WHAT IS REQUIRED
The entries below should be transcribed in their entirety, exactly as written.

DATA SHOWN
text \<open>Step 2. The two colorings with 0 red have a common reflection symmetry of RB R
  with centre in a + (1/4)Z; otherwise the two reflections compose to a
  non-integral translation preserving RB R, which by the exchange lemma turns the
  symmetries of the blue colorings into reflections through (1/2)Z, and
  axes_agree contradicts no_common_center.\<close>
lemma red_axis:
  assumes RR: "nontrivial_symmetry (col R R) (True, s1)" and RB: "nontrivial_symmetry (col R B) (True, s2)"
    and BR: "nontrivial_symmetry (col B R) h1" and BB: "nontrivial_symmetry (col B B) h2"
  shows "\<exists>s. 4 * (s - a) \<in> \<int> \<and> o2_invariant (True, s) (RB R)"
proof (cases "2 * s1 - 2 * s2 \<in> \<int>")
  case True
  then show ?thesis
    using axes_agree symmetry_invariants[OF RR] symmetry_invariants[OF RB] by blast
next
  case False
  have RB: "o2_invariant (False, 2 * s1 - 2 * s2) (RB R)"
    using reflections_compose symmetry_invariants(1)[OF RR] symmetry_invariants(1)[OF RB] by blast
  have "\<exists>u. h = (True, u) \<and> 2 * u \<in> \<int>" if h: "nontrivial_symmetry (col B d) h" for d h
  proof -
    obtain x where "x \<in> \<int>" "o2_act h x \<in> \<int>"
      using integer_point_returns[OF _ False RB symmetry_invariants(1)[OF h]] by auto
    then show ?thesis using integer_return_is_reflection h unfolding nontrivial_symmetry_def by blast
  qed
  then obtain u1 u2 where u: "h1 = (True, u1)" "2 * u1 \<in> \<int>" "h2 = (True, u2)" "2 * u2 \<in> \<int>"
    using BR BB by meson
  then have "4 * (u1 - a) \<in> \<int>"
    using axes_agree symmetry_invariants(2)[OF BR] symmetry_invariants(2)[OF BB] by simp
  then show ?thesis using no_common_center u(2) by blast
qed

lemma blue_axis:
  assumes "4 * (s - a) \<in> \<int>" "o2_invariant (True, s) (RB R)"
    and BR: "nontrivial_symmetry (col B R) (True, u1)" and BB: "nontrivial_symmetry (col B B) (True, u2)"
  shows "4 * (u1 - a) \<in> \<int>"
proof -
  have "2 * u1 - 2 * u2 \<in> \<int>"
    using RB_blue_rigid[OF assms(1,2)] reflections_compose
      symmetry_invariants(1)[OF BR] symmetry_invariants(1)[OF BB] by blast
  then show ?thesis using axes_agree symmetry_invariants(2)[OF BR] symmetry_invariants(2)[OF BB] by blast
qed

text \<open>Step 5. The reflections from Steps 2 and 4 cannot coexist: they map 0 via RB R to
  2s \<in> RB B, then to a point of RB B that is either an integer or, after reflecting
  back, the antipode 2s + 1/2, which would lie in RB R.\<close>
lemma axes_incompatible:
  assumes s: "4 * (s - a) \<in> \<int>" "o2_invariant (True, s) (RB R)"
    and u: "4 * (u - a) \<in> \<int>" "o2_invariant (True, u) (RB B)"
  shows False
proof -
  have "2 * s \<notin> \<int>" using no_common_center s(1) by blast
  moreover have "2 * s \<in> RB R"
    using s(2) RB_red unfolding o2_invariant_def by (metis UnI2 Ints_0 add_0 minus_zero o2_act_reflection)
  ultimately have s_blue: "2 * s \<in> RB B" using RB_red by blast
  define y where "y = - (2 * s) + 2 * u"
  have y: "y \<in> RB B" using s_blue u(2) by (simp add: y_def o2_invariant_def)
  have "2 * (2 * u - 2 * s) \<in> \<int>" using Ints_combination[OF u(1) s(1), where i = 1 and j = "-1" and k = 0] by simp
  then consider "2 * u - 2 * s \<in> \<int>" | "2 * u - 2 * s - 1/2 \<in> \<int>" using double_in_Ints_iff by blast
  then show False
  proof cases
    case 1
    then show False using y RB_blue_disjoint by (auto simp: y_def)
  next
    case 2
    have "y \<in> RB R" using y RB_red by blast
    then have "- y + 2 * s \<in> RB R" using s(2) unfolding o2_invariant_def by (metis o2_act_reflection)
    moreover have "(- y + 2 * s) - (2 * s + 1/2) \<in> \<int>"
      by (rule Ints_combination[OF 2 2, where i = "-1" and j = 0 and k = "-1"]) (simp add: y_def)
    ultimately have "2 * s + 1/2 \<in> RB R" using RB_periodic by blast
    then show False using RB_antipode s_blue by blast
  qed
qed

lemma exists_distinguishing: "\<exists>e d. distinguishing (col e d)"
proof (rule ccontr)
  assume "\<nexists>e d. distinguishing (col e d)"
  then have "\<exists>g. nontrivial_symmetry (col e d) g" for e d using distinguishing_iff by blast
  then obtain gRR gRB gBR gBB where
    RR: "nontrivial_symmetry (col R R) gRR" and RB: "nontrivial_symmetry (col R B) gRB" and
    BR: "nontrivial_symmetry (col B R) gBR" and BB: "nontrivial_symmetry (col B B) gBB" by meson
  obtain s1 s2 where "gRR = (True, s1)" "gRB = (True, s2)"
    using red_symmetry_is_reflection[OF RR BB] red_symmetry_is_reflection[OF RB BR] by blast
  then obtain s where s: "4 * (s - a) \<in> \<int>" "o2_invariant (True, s) (RB R)"
    using red_axis RR RB BR BB by blast
  obtain u1 u2 where u: "gBR = (True, u1)" "gBB = (True, u2)"
    using blue_symmetry_is_reflection[OF s BR] blue_symmetry_is_reflection[OF s BB] by blast
  then have "4 * (u1 - a) \<in> \<int>" using blue_axis[OF s] BR BB by simp
  moreover have "o2_invariant (True, u1) (RB B)" using symmetry_invariants(1) BR u(1) by simp
  ultimately show False using axes_incompatible[OF s] by blast
qed

end

theorem lemma2p3p4:
  fixes a :: real
  assumes "\<not> circ_eq a 0" and "\<not> circ_eq a (1/2)"
    and "\<not> circ_eq a (1/4)" and "\<not> circ_eq a (-1/4)"
  shows "prop_P {0, a, 1/2, a + 1/2}"
proof -
  have "4 * a \<notin> \<int>" using assms by (intro four_times_not_Int) (simp_all add: circ_eq_def)
  then interpret generic_pair a by unfold_locales
  show ?thesis unfolding prop_P_def
  proof (intro conjI allI impI trivial_pointwise_stabilizer)
    fix p :: "real \<Rightarrow> color"
    assume "periodic1 p"
    then interpret precolored_pair a p by unfold_locales
    obtain e d where "distinguishing (col e d)" using exists_distinguishing by blast
    then show "\<exists>c. periodic1 c \<and> (\<forall>x. \<not> in_circ_set x {0, a, 1/2, a + 1/2} \<longrightarrow> c x = p x)
        \<and> distinguishing c"
      using col_periodic col_extends by blast
  qed
qed

end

RESULT FOR THIS EXERCISE
text \<open>Step 2. The two colorings with 0 red have a common reflection symmetry of RB R
  with centre in a + (1/4)Z; otherwise the two reflections compose to a
  non-integral translation preserving RB R, which by the exchange lemma turns the
  symmetries of the blue colorings into reflections through (1/2)Z, and
  axes_agree contradicts no_common_center.\<close>
lemma red_axis:
  assumes RR: "nontrivial_symmetry (col R R) (True, s1)" and RB: "nontrivial_symmetry (col R B) (True, s2)"
    and BR: "nontrivial_symmetry (col B R) h1" and BB: "nontrivial_symmetry (col B B) h2"
  shows "\<exists>s. 4 * (s - a) \<in> \<int> \<and> o2_invariant (True, s) (RB R)"
proof (cases "2 * s1 - 2 * s2 \<in> \<int>")
  case True
  then show ?thesis
    using axes_agree symmetry_invariants[OF RR] symmetry_invariants[OF RB] by blast
next
  case False
  have RB: "o2_invariant (False, 2 * s1 - 2 * s2) (RB R)"
    using reflections_compose symmetry_invariants(1)[OF RR] symmetry_invariants(1)[OF RB] by blast
  have "\<exists>u. h = (True, u) \<and> 2 * u \<in> \<int>" if h: "nontrivial_symmetry (col B d) h" for d h
  proof -
    obtain x where "x \<in> \<int>" "o2_act h x \<in> \<int>"
      using integer_point_returns[OF _ False RB symmetry_invariants(1)[OF h]] by auto
    then show ?thesis using integer_return_is_reflection h unfolding nontrivial_symmetry_def by blast
  qed
  then obtain u1 u2 where u: "h1 = (True, u1)" "2 * u1 \<in> \<int>" "h2 = (True, u2)" "2 * u2 \<in> \<int>"
    using BR BB by meson
  then have "4 * (u1 - a) \<in> \<int>"
    using axes_agree symmetry_invariants(2)[OF BR] symmetry_invariants(2)[OF BB] by simp
  then show ?thesis using no_common_center u(2) by blast
qed

lemma blue_axis:
  assumes "4 * (s - a) \<in> \<int>" "o2_invariant (True, s) (RB R)"
    and BR: "nontrivial_symmetry (col B R) (True, u1)" and BB: "nontrivial_symmetry (col B B) (True, u2)"
  shows "4 * (u1 - a) \<in> \<int>"
proof -
  have "2 * u1 - 2 * u2 \<in> \<int>"
    using RB_blue_rigid[OF assms(1,2)] reflections_compose
      symmetry_invariants(1)[OF BR] symmetry_invariants(1)[OF BB] by blast
  then show ?thesis using axes_agree symmetry_invariants(2)[OF BR] symmetry_invariants(2)[OF BB] by blast
qed

text \<open>Step 5. The reflections from Steps 2 and 4 cannot coexist: they map 0 via RB R to
  2s \<in> RB B, then to a point of RB B that is either an integer or, after reflecting
  back, the antipode 2s + 1/2, which would lie in RB R.\<close>
lemma axes_incompatible:
  assumes s: "4 * (s - a) \<in> \<int>" "o2_invariant (True, s) (RB R)"
    and u: "4 * (u - a) \<in> \<int>" "o2_invariant (True, u) (RB B)"
  shows False
proof -
  have "2 * s \<notin> \<int>" using no_common_center s(1) by blast
  moreover have "2 * s \<in> RB R"
    using s(2) RB_red unfolding o2_invariant_def by (metis UnI2 Ints_0 add_0 minus_zero o2_act_reflection)
  ultimately have s_blue: "2 * s \<in> RB B" using RB_red by blast
  define y where "y = - (2 * s) + 2 * u"
  have y: "y \<in> RB B" using s_blue u(2) by (simp add: y_def o2_invariant_def)
  have "2 * (2 * u - 2 * s) \<in> \<int>" using Ints_combination[OF u(1) s(1), where i = 1 and j = "-1" and k = 0] by simp
  then consider "2 * u - 2 * s \<in> \<int>" | "2 * u - 2 * s - 1/2 \<in> \<int>" using double_in_Ints_iff by blast
  then show False
  proof cases
    case 1
    then show False using y RB_blue_disjoint by (auto simp: y_def)
  next
    case 2
    have "y \<in> RB R" using y RB_red by blast
    then have "- y + 2 * s \<in> RB R" using s(2) unfolding o2_invariant_def by (metis o2_act_reflection)
    moreover have "(- y + 2 * s) - (2 * s + 1/2) \<in> \<int>"
      by (rule Ints_combination[OF 2 2, where i = "-1" and j = 0 and k = "-1"]) (simp add: y_def)
    ultimately have "2 * s + 1/2 \<in> RB R" using RB_periodic by blast
    then show False using RB_antipode s_blue by blast
  qed
qed

lemma exists_distinguishing: "\<exists>e d. distinguishing (col e d)"
proof (rule ccontr)
  assume "\<nexists>e d. distinguishing (col e d)"
  then have "\<exists>g. nontrivial_symmetry (col e d) g" for e d using distinguishing_iff by blast
  then obtain gRR gRB gBR gBB where
    RR: "nontrivial_symmetry (col R R) gRR" and RB: "nontrivial_symmetry (col R B) gRB" and
    BR: "nontrivial_symmetry (col B R) gBR" and BB: "nontrivial_symmetry (col B B) gBB" by meson
  obtain s1 s2 where "gRR = (True, s1)" "gRB = (True, s2)"
    using red_symmetry_is_reflection[OF RR BB] red_symmetry_is_reflection[OF RB BR] by blast
  then obtain s where s: "4 * (s - a) \<in> \<int>" "o2_invariant (True, s) (RB R)"
    using red_axis RR RB BR BB by blast
  obtain u1 u2 where u: "gBR = (True, u1)" "gBB = (True, u2)"
    using blue_symmetry_is_reflection[OF s BR] blue_symmetry_is_reflection[OF s BB] by blast
  then have "4 * (u1 - a) \<in> \<int>" using blue_axis[OF s] BR BB by simp
  moreover have "o2_invariant (True, u1) (RB B)" using symmetry_invariants(1) BR u(1) by simp
  ultimately show False using axes_incompatible[OF s] by blast
qed

end

theorem lemma2p3p4:
  fixes a :: real
  assumes "\<not> circ_eq a 0" and "\<not> circ_eq a (1/2)"
    and "\<not> circ_eq a (1/4)" and "\<not> circ_eq a (-1/4)"
  shows "prop_P {0, a, 1/2, a + 1/2}"
proof -
  have "4 * a \<notin> \<int>" using assms by (intro four_times_not_Int) (simp_all add: circ_eq_def)
  then interpret generic_pair a by unfold_locales
  show ?thesis unfolding prop_P_def
  proof (intro conjI allI impI trivial_pointwise_stabilizer)
    fix p :: "real \<Rightarrow> color"
    assume "periodic1 p"
    then interpret precolored_pair a p by unfold_locales
    obtain e d where "distinguishing (col e d)" using exists_distinguishing by blast
    then show "\<exists>c. periodic1 c \<and> (\<forall>x. \<not> in_circ_set x {0, a, 1/2, a + 1/2} \<longrightarrow> c x = p x)
        \<and> distinguishing c"
      using col_periodic col_extends by blast
  qed
qed

end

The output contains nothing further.